section \<open>The coproduct on monomials\<close>

lemma tmul_eq_sum_superset:
  assumes "finite S" "supp F \<subseteq> S" "finite T" "supp G \<subseteq> T"
  shows "tmul q F G z = (\<Sum>p\<in>S. \<Sum>r\<in>T.
      (if (snd (mm q (fst p) (fst r)), snd (mm q (snd p) (snd r))) = z
       then F p * G r * fst (mm q (fst p) (fst r)) * fst (mm q (snd p) (snd r)) else 0))"
proof -
  let ?h = "\<lambda>p r. (if (snd (mm q (fst p) (fst r)), snd (mm q (snd p) (snd r))) = z
       then F p * G r * fst (mm q (fst p) (fst r)) * fst (mm q (snd p) (snd r)) else 0)"
  have "(\<Sum>r\<in>supp G. ?h p r) = (\<Sum>r\<in>T. ?h p r)" for p
    by (rule sum.mono_neutral_left[OF assms(3,4)]) (auto simp: supp_def)
  moreover have "(\<Sum>p\<in>supp F. \<Sum>r\<in>T. ?h p r) = (\<Sum>p\<in>S. \<Sum>r\<in>T. ?h p r)"
  proof (rule sum.mono_neutral_left[OF assms(1,2)], rule ballI)
    fix p assume "p \<in> S - supp F"
    then have "F p = 0" by (simp add: supp_def)
    then show "(\<Sum>r\<in>T. ?h p r) = 0" by (intro sum.neutral) simp
  qed
  ultimately show ?thesis
    by (simp add: tmul_def)
qed

lemma tmul_bas:
  "tmul q (bas p) (bas r) z = (if (snd (mm q (fst p) (fst r)), snd (mm q (snd p) (snd r))) = z
       then fst (mm q (fst p) (fst r)) * fst (mm q (snd p) (snd r)) else 0)"
  by (subst tmul_eq_sum_superset[of "{p}" _ "{r}"]) (simp_all add: bas_apply)

lemma tpow_Dx: "tpow q Dx k = bas ((int k, 0), (int k, 0))"
proof (induction k)
  case (Suc k)
  then have "tpow q Dx (Suc k) = tmul q Dx (bas ((int k, 0), (int k, 0)))"
    by (simp add: tpow_def)
  also have "\<dots> = bas ((int (Suc k), 0), (int (Suc k), 0))"
    by (auto simp: Dx_def tmul_bas mm_def bas_apply fun_eq_iff)
  finally show ?case .
qed (simp add: tpow_def tone_def)

lemma tpow_Dxi: "tpow q Dxi k = bas ((- int k, 0), (- int k, 0))"
proof (induction k)
  case (Suc k)
  then have "tpow q Dxi (Suc k) = tmul q Dxi (bas ((- int k, 0), (- int k, 0)))"
    by (simp add: tpow_def)
  also have "\<dots> = bas ((- int (Suc k), 0), (- int (Suc k), 0))"
    by (auto simp: Dxi_def tmul_bas mm_def bas_apply fun_eq_iff)
  finally show ?case .
qed (simp add: tpow_def tone_def)

text \<open>The coefficients of
  \<open>\<Delta>(x\<^sup>n y\<^sup>m) = \<Sum>\<^sub>i [m choose i]\<^sub>q x\<^sup>n y\<^sup>i \<otimes> x\<^sup>n\<^sup>+\<^sup>i y\<^sup>m\<^sup>-\<^sup>i\<close>.\<close>
definition Delta_monomial :: "'k::field \<Rightarrow> int \<Rightarrow> nat \<Rightarrow> idx \<times> idx \<Rightarrow> 'k" where
  "Delta_monomial q n m z =
     (if fst (fst z) = n \<and> fst (snd z) = n + int (snd (fst z)) \<and> snd (fst z) + snd (snd z) = m
      then qbinom q m (snd (fst z)) else 0)"

lemma supp_Delta_monomial:
  "supp (Delta_monomial q n m) \<subseteq> (\<lambda>i. ((n, i), (n + int i, m - i))) ` {..m}"
  by (auto simp: supp_def Delta_monomial_def image_iff)

lemma sum_Delta_monomial_support:
  "(\<Sum>r\<in>(\<lambda>i. ((n, i), (n + int i, m - i))) ` {..m}. h r) = (\<Sum>i\<le>m. h ((n, i), (n + int i, m - i)))"
  by (subst sum.reindex) (auto simp: inj_on_def)

lemma tmul_Dy_Delta_monomial: "tmul q Dy (Delta_monomial q 0 m) = Delta_monomial q 0 (Suc m)"
proof
  fix z :: "idx \<times> idx"
  obtain a b c d where z: "z = ((a, b), (c, d))" by (metis prod.collapse)
  have supp_Dy: "supp (Dy :: _ \<Rightarrow> 'a) \<subseteq> {((0, 1), (1, 0)), ((0, 0), (0, 1))}"
    by (auto simp: supp_def Dy_def bas_apply)
  have "tmul q Dy (Delta_monomial q 0 m) z =
      (\<Sum>i\<le>m. if a = 0 \<and> b = Suc i \<and> c = 1 + int i \<and> d = m - i then qbinom q m i else 0)
    + (\<Sum>i\<le>m. if a = 0 \<and> b = i \<and> c = int i \<and> d = Suc m - i then q ^ i * qbinom q m i else 0)"
    unfolding z
    by (subst tmul_eq_sum_superset[OF _ supp_Dy _ supp_Delta_monomial])
      (auto simp: sum_Delta_monomial_support[where n = 0, simplified] mm_def Dy_def bas_apply
        Delta_monomial_def mult.commute intro!: arg_cong2[where f = "(+)"] sum.cong)
  also have "\<dots> = Delta_monomial q 0 (Suc m) z"
  proof (cases "a = 0 \<and> c = int b \<and> b + d = Suc m")
    case True
    have "(\<Sum>i\<le>m. if a = 0 \<and> b = Suc i \<and> c = 1 + int i \<and> d = m - i then qbinom q m i else 0)
        = (\<Sum>i\<le>m. if i = b - 1 then (if b = 0 then 0 else qbinom q m i) else 0)"
      by (rule sum.cong) (use True in auto)
    moreover have "(\<Sum>i\<le>m. if a = 0 \<and> b = i \<and> c = int i \<and> d = Suc m - i then q ^ i * qbinom q m i else 0)
        = (\<Sum>i\<le>m. if i = b then q ^ i * qbinom q m i else 0)"
      by (rule sum.cong) (use True in auto)
    ultimately show ?thesis
      using True by (auto simp: z Delta_monomial_def qbinom_eq_0)
  next
    case False
    then have "(\<Sum>i\<le>m. if a = 0 \<and> b = Suc i \<and> c = 1 + int i \<and> d = m - i then qbinom q m i else 0) = 0"
      "(\<Sum>i\<le>m. if a = 0 \<and> b = i \<and> c = int i \<and> d = Suc m - i then q ^ i * qbinom q m i else 0) = 0"
      by (auto intro!: sum.neutral)
    with False show ?thesis
      by (auto simp: z Delta_monomial_def)
  qed
  finally show "tmul q Dy (Delta_monomial q 0 m) z = Delta_monomial q 0 (Suc m) z" .
qed

lemma tpow_Dy: "tpow q Dy m = Delta_monomial q 0 m"
proof (induction m)
  case 0
  show ?case by (auto simp: tpow_def tone_def Delta_monomial_def bas_apply fun_eq_iff)
next
  case (Suc m)
  then show ?case
    by (simp add: tpow_def tmul_Dy_Delta_monomial)
qed

lemma Delta_bas_eq: "Delta_bas q (n, m) = Delta_monomial q n m"
proof
  fix z :: "idx \<times> idx"
  obtain a b c d where z: "z = ((a, b), (c, d))" by (metis prod.collapse)
  have Dx_power: "(if n \<ge> 0 then tpow q Dx (nat n) else tpow q Dxi (nat (- n))) = bas ((n, 0), (n, 0))"
    by (simp add: tpow_Dx tpow_Dxi)
  have "Delta_bas q (n, m) z =
      (\<Sum>i\<le>m. if a = n \<and> i = b \<and> c = n + int i \<and> d = m - i then qbinom q m i else 0)"
    unfolding Delta_bas_def fst_conv snd_conv Dx_power tpow_Dy z
    by (subst tmul_eq_sum_superset[OF _ _ _ supp_Delta_monomial[where n = 0, simplified],
          where S = "{((n, 0), (n, 0))}"])
      (auto simp: sum_Delta_monomial_support[where n = 0, simplified] bas_apply mm_def Delta_monomial_def
        intro!: sum.cong)
  also have "\<dots> = (\<Sum>i\<le>m. if i = b then (if a = n \<and> c = n + int b \<and> d = m - b then qbinom q m b else 0) else 0)"
    by (rule sum.cong) auto
  also have "\<dots> = Delta_monomial q n m z"
    by (auto simp: z Delta_monomial_def)
  finally show "Delta_bas q (n, m) z = Delta_monomial q n m z" .
qed

lemma Delta_apply:
  assumes "f \<in> fsupp"
  shows "Delta q f ((a, b), (c, d)) = (if c = a + int b then f (a, b + d) * qbinom q (b + d) b else 0)"
proof -
  have "Delta q f ((a, b), (c, d)) =
      (\<Sum>u\<in>supp f. if u = (a, b + d) then (if c = a + int b then f u * qbinom q (b + d) b else 0) else 0)"
    unfolding Delta_def
    by (rule sum.cong) (auto simp: Delta_bas_eq[of q "fst u" "snd u" for u, simplified] Delta_monomial_def)
  also have "\<dots> = (if c = a + int b then f (a, b + d) * qbinom q (b + d) b else 0)"
    using assms by (auto simp: fsupp_def supp_def)
  finally show ?thesis .
qed

lemma Delta_fsupp:
  assumes "f \<in> fsupp"
  shows "Delta q f \<in> fsupp"
proof (rule fsupp_subset)
  show "finite (\<Union>u\<in>supp f. (\<lambda>b. ((fst u, b), (fst u + int b, snd u - b))) ` {..snd u})"
    using assms by (simp add: fsupp_def)
  show "supp (Delta q f) \<subseteq> (\<Union>u\<in>supp f. (\<lambda>b. ((fst u, b), (fst u + int b, snd u - b))) ` {..snd u})"
  proof
    fix z assume z_supp: "z \<in> supp (Delta q f)"
    obtain a b c d where z: "z = ((a, b), (c, d))" by (metis prod.collapse)
    from z_supp have "c = a + int b" "f (a, b + d) \<noteq> 0"
      by (auto simp: supp_def z Delta_apply[OF assms] split: if_splits)
    then show "z \<in> (\<Union>u\<in>supp f. (\<lambda>b. ((fst u, b), (fst u + int b, snd u - b))) ` {..snd u})"
      by (auto simp: z supp_def image_iff intro!: bexI[of _ "(a, b + d)"])
  qed
qed

lemma klinear_add: "klinear \<phi> \<Longrightarrow> f \<in> Hc \<Longrightarrow> g \<in> Hc \<Longrightarrow> \<phi> (\<lambda>u. f u + g u) = (\<lambda>u. \<phi> f u + \<phi> g u)"
  by (simp add: klinear_def)

lemma klinear_smult: "klinear \<phi> \<Longrightarrow> f \<in> Hc \<Longrightarrow> \<phi> (\<lambda>u. c * f u) = (\<lambda>u. c * \<phi> f u)"
  by (simp add: klinear_def)

lemma klinear_zero: "klinear \<phi> \<Longrightarrow> \<phi> (\<lambda>u. 0) = (\<lambda>u. 0)"
  using klinear_smult[of \<phi> "\<lambda>u. 0" 0] by (simp add: fsupp_def supp_def)

lemma klinear_smult_diff:
  assumes "klinear \<phi>" "f \<in> Hc" "g \<in> Hc"
  shows "\<phi> (\<lambda>u. l * (f u - g u)) = (\<lambda>u. l * (\<phi> f u - \<phi> g u))"
proof -
  have "\<phi> (\<lambda>u. l * (f u - g u)) = \<phi> (\<lambda>u. (\<lambda>u. l * f u) u + (\<lambda>u. (- l) * g u) u)"
    by (simp add: algebra_simps)
  also have "\<dots> = (\<lambda>u. \<phi> (\<lambda>u. l * f u) u + \<phi> (\<lambda>u. (- l) * g u) u)"
    using assms by (intro klinear_add fsupp_smult)
  also have "\<dots> = (\<lambda>u. l * (\<phi> f u - \<phi> g u))"
    unfolding klinear_smult[OF assms(1,2)] klinear_smult[OF assms(1,3)] by (simp add: algebra_simps)
  finally show ?thesis .
qed

lemma klinear_lincomb_bas:
  assumes "klinear \<phi>" "finite A"
  shows "\<phi> (\<lambda>v. \<Sum>u\<in>A. c u * bas u v) = (\<lambda>v. \<Sum>u\<in>A. c u * \<phi> (bas u) v)"
  using assms(2)
proof (induction A rule: finite_induct)
  case empty
  then show ?case using klinear_zero[OF assms(1)] by simp
next
  case (insert x A)
  then have "\<phi> (\<lambda>v. \<Sum>u\<in>insert x A. c u * bas u v) = \<phi> (\<lambda>v. c x * bas x v + (\<Sum>u\<in>A. c u * bas u v))"
    by simp
  also have "\<dots> = (\<lambda>v. \<phi> (\<lambda>v. c x * bas x v) v + \<phi> (\<lambda>v. \<Sum>u\<in>A. c u * bas u v) v)"
    using assms(1) insert(1) by (intro klinear_add fsupp_smult fsupp_lincomb_bas bas_in_fsupp)
  also have "\<phi> (\<lambda>v. c x * bas x v) = (\<lambda>v. c x * \<phi> (bas x) v)"
    using assms(1) by (simp add: klinear_smult)
  finally show ?case
    using insert by simp
qed

lemma klinear_apply_expansion:
  assumes "klinear \<phi>" "finite A" "supp g \<subseteq> A"
  shows "\<phi> g v = (\<Sum>u\<in>A. g u * \<phi> (bas u) v)"
  by (subst fsupp_eq_lincomb_bas[OF assms(2,3)]) (simp add: klinear_lincomb_bas[OF assms(1,2)])

lemma klinear_compose:
  assumes "klinear \<phi>" "klinear \<psi>" "\<And>f. f \<in> Hc \<Longrightarrow> \<psi> f \<in> Hc"
  shows "klinear (compose Hc \<phi> \<psi>)"
  using assms by (simp add: klinear_def compose_def fsupp_add fsupp_smult)

lemma klinear_inv_into:
  assumes bij: "bij_betw \<phi> Hc Hc" and lin: "klinear \<phi>"
  shows "klinear (\<lambda>x\<in>Hc. inv_into Hc \<phi> x)"
proof -
  have inv_Hc: "inv_into Hc \<phi> f \<in> Hc" if "f \<in> Hc" for f
    using that bij by (simp add: bij_betw_def inv_into_into)
  have \<phi>_inv: "\<phi> (inv_into Hc \<phi> f) = f" if "f \<in> Hc" for f
    using that bij by (simp add: bij_betw_def f_inv_into_f)
  have inv_eqI: "inv_into Hc \<phi> g = f" if "f \<in> Hc" "\<phi> f = g" for f g
    using that bij by (auto simp: bij_betw_def inv_into_f_f)
  show ?thesis
    unfolding klinear_def
  proof (intro conjI ballI allI)
    fix f g :: "idx \<Rightarrow> 'a" assume "f \<in> Hc" "g \<in> Hc"
    then show "(\<lambda>x\<in>Hc. inv_into Hc \<phi> x) (\<lambda>u. f u + g u)
        = (\<lambda>u. (\<lambda>x\<in>Hc. inv_into Hc \<phi> x) f u + (\<lambda>x\<in>Hc. inv_into Hc \<phi> x) g u)"
      by (simp add: fsupp_add, intro inv_eqI) (simp_all add: fsupp_add inv_Hc \<phi>_inv klinear_add[OF lin])
  next
    fix c :: 'a and f :: "idx \<Rightarrow> 'a" assume "f \<in> Hc"
    then show "(\<lambda>x\<in>Hc. inv_into Hc \<phi> x) (\<lambda>u. c * f u) = (\<lambda>u. c * (\<lambda>x\<in>Hc. inv_into Hc \<phi> x) f u)"
      by (simp add: fsupp_smult, intro inv_eqI) (simp_all add: fsupp_smult inv_Hc \<phi>_inv klinear_smult[OF lin])
  qed
qed

lemma tensmap_eq_sum_superset:
  assumes "finite S" "supp F \<subseteq> S"
  shows "tensmap \<phi> F w = (\<Sum>p\<in>S. F p * \<phi> (bas (fst p)) (fst w) * \<phi> (bas (snd p)) (snd w))"
  unfolding tensmap_def by (rule sum.mono_neutral_left[OF assms]) (auto simp: supp_def)

lemma tensmap_bas: "tensmap \<phi> (bas p) w = \<phi> (bas (fst p)) (fst w) * \<phi> (bas (snd p)) (snd w)"
  by (subst tensmap_eq_sum_superset[of "{p}"]) (simp_all add: bas_apply)

lemma tensmap_cong: "(\<And>u. \<phi> (bas u) = \<psi> (bas u)) \<Longrightarrow> tensmap \<phi> F = tensmap \<psi> F"
  by (simp add: tensmap_def)

lemma tensmap_id:
  assumes "F \<in> fsupp"
  shows "tensmap (\<lambda>f. f) F = F"
proof
  fix w :: "idx \<times> idx"
  have "tensmap (\<lambda>f. f) F w = (\<Sum>p\<in>supp F. if p = w then F p else 0)"
    unfolding tensmap_def by (rule sum.cong) (auto simp: bas_def prod_eq_iff)
  then show "tensmap (\<lambda>f. f) F w = F w"
    using sum_supp_delta[OF assms] by simp
qed

lemma supp_tensmap_subset:
  "supp (tensmap \<phi> F) \<subseteq> (\<Union>p\<in>supp F. supp (\<phi> (bas (fst p)))) \<times> (\<Union>p\<in>supp F. supp (\<phi> (bas (snd p))))"
proof
  fix w assume "w \<in> supp (tensmap \<phi> F)"
  then have "(\<Sum>p\<in>supp F. F p * \<phi> (bas (fst p)) (fst w) * \<phi> (bas (snd p)) (snd w)) \<noteq> 0"
    by (simp add: supp_def tensmap_def)
  then obtain p where "p \<in> supp F" "F p * \<phi> (bas (fst p)) (fst w) * \<phi> (bas (snd p)) (snd w) \<noteq> 0"
    by (meson sum.neutral)
  then have "p \<in> supp F" "fst w \<in> supp (\<phi> (bas (fst p)))" "snd w \<in> supp (\<phi> (bas (snd p)))"
    by (auto simp: supp_def)
  then show "w \<in> (\<Union>p\<in>supp F. supp (\<phi> (bas (fst p)))) \<times> (\<Union>p\<in>supp F. supp (\<phi> (bas (snd p))))"
    by (cases w) auto
qed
------------
Above are the entries. Quote exactly the lines from the one bearing "bas ((int (Suc" through the one bearing "((- int (Suc".

  also have "\<dots> = bas ((int (Suc k), 0), (int (Suc k), 0))"
    by (auto simp: Dx_def tmul_bas mm_def bas_apply fun_eq_iff)
  finally show ?case .
qed (simp add: tpow_def tone_def)

lemma tpow_Dxi: "tpow q Dxi k = bas ((- int k, 0), (- int k, 0))"
proof (induction k)
  case (Suc k)
  then have "tpow q Dxi (Suc k) = tmul q Dxi (bas ((- int k, 0), (- int k, 0)))"
    by (simp add: tpow_def)
  also have "\<dots> = bas ((- int (Suc k), 0), (- int (Suc k), 0))"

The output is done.